Hesitation Or Jumping The Gun – Both Are Issues

If you know you are doing all the work you should be but you look back at session and see trades you have missed and/or trades you jumped the gun on, then you know your mindset is not as it should be.

If you are hesitating and missing your setups, the chances are that you are struggling to believe in your strategy, are not using a trading plan or have a problem with uncertainty. You have a fear of being wrong and/or losing.

A good remedy for this is to reassess your strategy rules and do a thorough, manual, bar-by-bar back-test.

One thing we instruct all of our Inner Circle group of traders to do is back-test the trading system they are using.  We even provide strategy testing software you can use so you can crunch the numbers and see the trading edge you are using.

If you are taking trades too early in your execution, you probably have a fear of missing out.

You are good at seeing the setup develop, but are unable to wait for the appropriate moment to initiate the trade.
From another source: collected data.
(* Let $p\ge1$ and $s_1,\dots,s_p\in\mathbb{C}$. For all $m,l\in\mathbb{Z}_{\ge0}$, $(\Delta^l\mathtt{c}_{s_1,\dots,s_p})(m)=\mathtt{c}_{s_1,\dots,s_p;\,1-s_1,\dots,1-s_p}(m,l)$.
   Context: Convention $0^0=1$. $\mathtt{c}_{s_1,\dots,s_p}(m)=\sum_{m=m_1\ge\cdots\ge m_p\ge0}\frac{s_1^{m_1-m_2}\cdots s_{p-1}^{m_{p-1}-m_p}}{(m_1+1)\cdots(m_{p-1}+1)}s_p^{m_p}$. For $t_1,\dots,t_p\in\mathbb{C}$, $\mathtt{c}_{s_1,\dots,s_p;t_1,\dots,t_p}(m,l)=\binom{m+l}{m}^{-1}\sum_{m=m_1\ge\cdots\ge m_p\ge0,\ l=l_1\ge\cdots\ge l_p\ge0}\Bigl[\prod_{i=1}^{p-1}\binom{m_i-m_{i+1}+l_i-l_{i+1}}{m_i-m_{i+1}}\frac{s_i^{m_i-m_{i+1}}t_i^{l_i-l_{i+1}}}{m_i+l_i+1}\Bigr]\binom{m_p+l_p}{m_p}s_p^{m_p}t_p^{l_p}$. The difference operator is $(\Delta a)(m)=a(m)-a(m+1)$. *)

theory Defs
  imports Complex_Main
begin

text \<open>Chains m = m_1 \<ge> m_2 \<ge> ... \<ge> m_p \<ge> 0, as lists of length p (0-based indices).\<close>
definition chains :: "nat \<Rightarrow> nat \<Rightarrow> nat list set" where
  "chains p m = {ms. length ms = p \<and> ms ! 0 = m \<and> sorted_wrt (\<ge>) ms}"

text \<open>c_{s_1,...,s_p}(m); s is the list [s_1,...,s_p]. Note 0^0 = 1 in Isabelle.\<close>
definition cfun :: "complex list \<Rightarrow> nat \<Rightarrow> complex" where
  "cfun s m = (let p = length s in
     \<Sum>ms\<in>chains p m.
       (\<Prod>i<p - 1. s ! i ^ (ms ! i - ms ! (i+1)) / of_nat (ms ! i + 1))
       * s ! (p - 1) ^ (ms ! (p - 1)))"

definition cfun2 :: "complex list \<Rightarrow> complex list \<Rightarrow> nat \<Rightarrow> nat \<Rightarrow> complex" where
  "cfun2 s t m l = (let p = length s in
     inverse (of_nat ((m + l) choose m)) *
     (\<Sum>ms\<in>chains p m. \<Sum>ls\<in>chains p l.
       (\<Prod>i<p - 1.
          of_nat ((ms ! i - ms ! (i+1) + (ls ! i - ls ! (i+1))) choose (ms ! i - ms ! (i+1)))
          * s ! i ^ (ms ! i - ms ! (i+1)) * t ! i ^ (ls ! i - ls ! (i+1))
          / of_nat (ms ! i + ls ! i + 1))
       * of_nat ((ms ! (p - 1) + ls ! (p - 1)) choose (ms ! (p - 1)))
       * s ! (p - 1) ^ (ms ! (p - 1)) * t ! (p - 1) ^ (ls ! (p - 1))))"

definition Delta :: "(nat \<Rightarrow> complex) \<Rightarrow> nat \<Rightarrow> complex" where
  "Delta a m = a m - a (m + 1)"

end

theory Submission imports Defs begin

text \<open>
  Write \<open>W(m,l) = (m+l choose m) c\<^bsub>s;t\<^esub>(m,l)\<close>. Splitting off the outermost pair of chain
  indices gives \<open>W\<^bsub>x#s;y#t\<^esub>(m,l) = (K \<star> W\<^bsub>s;t\<^esub>)(m,l) / (m+l+1)\<close>, where
  \<open>K(a,b) = (a+b choose a) x\<^sup>a y\<^sup>b\<close> and \<open>\<star>\<close> is the two-variable Cauchy product.
  When \<open>x + y = 1\<close> the kernel satisfies the weighted Pascal recurrence
  \<open>(a+1) f(a+1,b) + (b+1) f(a,b+1) = (a+b+1) f(a,b)\<close>, and the map
  \<open>f \<mapsto> (K \<star> f)(a,b) / (a+b+1)\<close> preserves it; so by induction on \<open>p\<close> it holds for \<open>W\<close>
  with \<open>t = 1 - s\<close>. Divided by the binomial coefficient it reads
  \<open>c(m,l+1) = c(m,l) - c(m+1,l)\<close>, i.e. \<open>c(\<cdot>,l+1) = \<Delta> c(\<cdot>,l)\<close>, while \<open>c(m,0) = c\<^bsub>s\<^esub>(m)\<close>
  because for \<open>l = 0\<close> all chains in the second variable vanish.
\<close>

lemma sorted_wrt_ge_le_nth_0:
  fixes xs :: "'a::linorder list"
  shows "sorted_wrt (\<ge>) xs \<Longrightarrow> x \<in> set xs \<Longrightarrow> x \<le> xs ! 0"
  by (cases xs) auto

lemma chains_finite: "finite (chains p m)"
proof -
  have "chains p m \<subseteq> {xs. set xs \<subseteq> {..m} \<and> length xs = p}"
    unfolding chains_def by (auto dest: sorted_wrt_ge_le_nth_0)
  moreover have "finite {xs. set xs \<subseteq> {..m} \<and> length xs = p}"
    by (rule finite_lists_length_eq) simp
  ultimately show ?thesis by (rule finite_subset)
qed

lemma chains_0:
  assumes "p \<ge> 1"
  shows "chains p 0 = {replicate p 0}"
proof -
  have "sorted_wrt (\<ge>) (replicate p (0::nat))" by (simp add: sorted_wrt_iff_nth_less)
  with assms show ?thesis
    unfolding chains_def by (auto dest: sorted_wrt_ge_le_nth_0 intro!: replicate_eqI)
qed

lemma chains_1: "chains 1 m = {[m]}"
  unfolding chains_def by (auto simp: length_Suc_conv)

lemma chains_Suc:
  assumes "p \<ge> 1"
  shows "chains (Suc p) m = (#) m ` (\<Union>j\<le>m. chains p j)"
proof
  show "chains (Suc p) m \<subseteq> (#) m ` (\<Union>j\<le>m. chains p j)"
  proof
    fix ms assume "ms \<in> chains (Suc p) m"
    then obtain ns where ms: "ms = m # ns" and "length ns = p" "sorted_wrt (\<ge>) (m # ns)"
      unfolding chains_def by (cases ms) auto
    moreover from this have "ns \<noteq> []" using assms by auto
    ultimately have "ns ! 0 \<le> m" and "ns \<in> chains p (ns ! 0)"
      unfolding chains_def by (auto simp: neq_Nil_conv)
    then show "ms \<in> (#) m ` (\<Union>j\<le>m. chains p j)" using ms by blast
  qed
next
  show "(#) m ` (\<Union>j\<le>m. chains p j) \<subseteq> chains (Suc p) m"
  proof clarify
    fix j ns assume "j \<le> m" "ns \<in> chains p j"
    then have "length ns = p" "sorted_wrt (\<ge>) ns" "\<forall>x\<in>set ns. x \<le> m"
      unfolding chains_def by (auto dest: sorted_wrt_ge_le_nth_0)
    then show "m # ns \<in> chains (Suc p) m"
      unfolding chains_def by simp
  qed
qed

lemma sum_chains_Suc:
  assumes "p \<ge> 1"
  shows "(\<Sum>ms\<in>chains (Suc p) m. g ms) = (\<Sum>j\<le>m. \<Sum>ms\<in>chains p j. g (m # ms))"
proof -
  have "(\<Sum>ms\<in>chains (Suc p) m. g ms) = (\<Sum>ms\<in>(\<Union>j\<le>m. chains p j). g (m # ms))"
    by (simp add: chains_Suc[OF assms] sum.reindex)
  also have "\<dots> = (\<Sum>j\<le>m. \<Sum>ms\<in>chains p j. g (m # ms))"
    by (rule sum.UNION_disjoint) (auto simp: chains_finite, auto simp: chains_def)
  finally show ?thesis .
qed

definition cauchy2 :: "(nat \<Rightarrow> nat \<Rightarrow> 'a::comm_semiring_1) \<Rightarrow> (nat \<Rightarrow> nat \<Rightarrow> 'a) \<Rightarrow> nat \<Rightarrow> nat \<Rightarrow> 'a" where
  "cauchy2 A B m l = (\<Sum>j\<le>m. \<Sum>k\<le>l. A (m - j) (l - k) * B j k)"

lemma cauchy2_add_left:
  "cauchy2 (\<lambda>a b. A1 a b + A2 a b) B m l = cauchy2 A1 B m l + cauchy2 A2 B m l"
  by (simp add: cauchy2_def distrib_right sum.distrib)

lemma cauchy2_add_right:
  "cauchy2 A (\<lambda>a b. B1 a b + B2 a b) m l = cauchy2 A B1 m l + cauchy2 A B2 m l"
  by (simp add: cauchy2_def distrib_left sum.distrib)

lemma cauchy2_transpose: "cauchy2 A B m l = cauchy2 (\<lambda>a b. A b a) (\<lambda>j k. B k j) l m"
  unfolding cauchy2_def by (rule sum.swap)

text \<open>Splitting the weight \<open>m + 1 = (m + 1 - j) + j\<close>: the derivative rule for the Cauchy product.\<close>
lemma of_nat_Suc_mult_sum_antidiagonal:
  fixes P :: "nat \<Rightarrow> nat \<Rightarrow> 'a::comm_semiring_1"
  shows "of_nat (Suc m) * (\<Sum>j\<le>Suc m. P (Suc m - j) j) =
    (\<Sum>j\<le>m. of_nat (m - j + 1) * P (m - j + 1) j) + (\<Sum>j\<le>m. of_nat (j + 1) * P (m - j) (j + 1))"
proof -
  have "of_nat (Suc m) * (\<Sum>j\<le>Suc m. P (Suc m - j) j) =
     (\<Sum>j\<le>Suc m. (of_nat (Suc m - j) + of_nat j) * P (Suc m - j) j)"
    unfolding sum_distrib_left by (intro sum.cong refl) (simp flip: of_nat_add)
  also have "\<dots> = (\<Sum>j\<le>Suc m. of_nat (Suc m - j) * P (Suc m - j) j)
      + (\<Sum>j\<le>Suc m. of_nat j * P (Suc m - j) j)"
    by (simp only: distrib_right sum.distrib)
  also have "(\<Sum>j\<le>Suc m. of_nat (Suc m - j) * P (Suc m - j) j) =
      (\<Sum>j\<le>m. of_nat (m - j + 1) * P (m - j + 1) j)"
    by (simp add: sum.atMost_Suc Suc_diff_le)
  also have "(\<Sum>j\<le>Suc m. of_nat j * P (Suc m - j) j) = (\<Sum>j\<le>m. of_nat (j + 1) * P (m - j) (j + 1))"
    by (simp only: sum.atMost_Suc_shift) simp
  finally show ?thesis .
qed

lemma of_nat_Suc_mult_cauchy2_Suc_left:
  "of_nat (m + 1) * cauchy2 A B (Suc m) l =
     cauchy2 (\<lambda>a b. of_nat (a + 1) * A (a + 1) b) B m l
   + cauchy2 A (\<lambda>j k. of_nat (j + 1) * B (j + 1) k) m l"
proof -
  define P where "P a j = (\<Sum>k\<le>l. A a (l - k) * B j k)" for a j
  have "of_nat (m + 1) * cauchy2 A B (Suc m) l = of_nat (Suc m) * (\<Sum>j\<le>Suc m. P (Suc m - j) j)"
    by (simp add: cauchy2_def P_def)
  also have "\<dots> = cauchy2 (\<lambda>a b. of_nat (a + 1) * A (a + 1) b) B m l
      + cauchy2 A (\<lambda>j k. of_nat (j + 1) * B (j + 1) k) m l"
    unfolding of_nat_Suc_mult_sum_antidiagonal
    by (simp add: cauchy2_def P_def sum_distrib_left mult.assoc mult.left_commute)
  finally show ?thesis .
qed

lemma of_nat_Suc_mult_cauchy2_Suc_right:
  "of_nat (l + 1) * cauchy2 A B m (Suc l) =
     cauchy2 (\<lambda>a b. of_nat (b + 1) * A a (b + 1)) B m l
   + cauchy2 A (\<lambda>j k. of_nat (k + 1) * B j (k + 1)) m l"
  by (simp only: cauchy2_transpose[of A B m] cauchy2_transpose[of _ _ l m]
      of_nat_Suc_mult_cauchy2_Suc_left)

definition weighted_pascal :: "(nat \<Rightarrow> nat \<Rightarrow> 'a::comm_semiring_1) \<Rightarrow> bool" where
  "weighted_pascal f \<longleftrightarrow>
     (\<forall>a b. of_nat (a + 1) * f (a + 1) b + of_nat (b + 1) * f a (b + 1) = of_nat (a + b + 1) * f a b)"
This leaves a trader with positions where either the level of risk is higher than it would normally be or their stops are hit before the market gets to the point where the trade is no longer working.

A possible solution for this is to work out a maximum number of ticks that you are allowed to take the trade outside of your entry location.  Think of this as self-imposed slippage limits that keep you from entering outside a narrow band of price differential from the primary entry.

 

One Trade Is Just One Trade Out Of Many

Hesitating to take your setups and jumping the gun stem from a mindset that many traders struggle to adapt – the one trade mindset.

The one trade mindset is that every single trade matters and needs to be a winner. But the truth is, you don’t know what the true probability of a single trade is. Only with a reasonable number of the same type of setup can you begin to estimate the probability of the setup.

Winners and losers come in a random distribution.  Recently, a trader told me they were looking for another setup right after price had made an “out of the ordinary” price movement into large profits.  The reasoning was that he didn’t want to lose the momentum.

I explained that the only thing in trading that has momentum is the market.  Understanding random distribution will prevent you from thinking 1-2-3 winning trades equals a winning streak that has momentum.

The goal for the next trade you take is to execute your strategy correctly according to your trading plan, win or lose, and complete a sufficient number of trades for the edge to play out.

 

See The Opportunity.  Trade The Opportunity.

Market assessment takes into account more than just how the market is trading – it’s also about where trades might end up appearing.

If you’re only trying to identify where your setups might show up as opposed to identifying where you will take your trades, you might well find that you either execute incorrectly or not at all.

With our work with many traders using our trading systems, our experience is that most traders who have been about for even a short time, can identify what a good opportunity looks like – but the difference between most traders and successful traders is successful traders execute their ideas.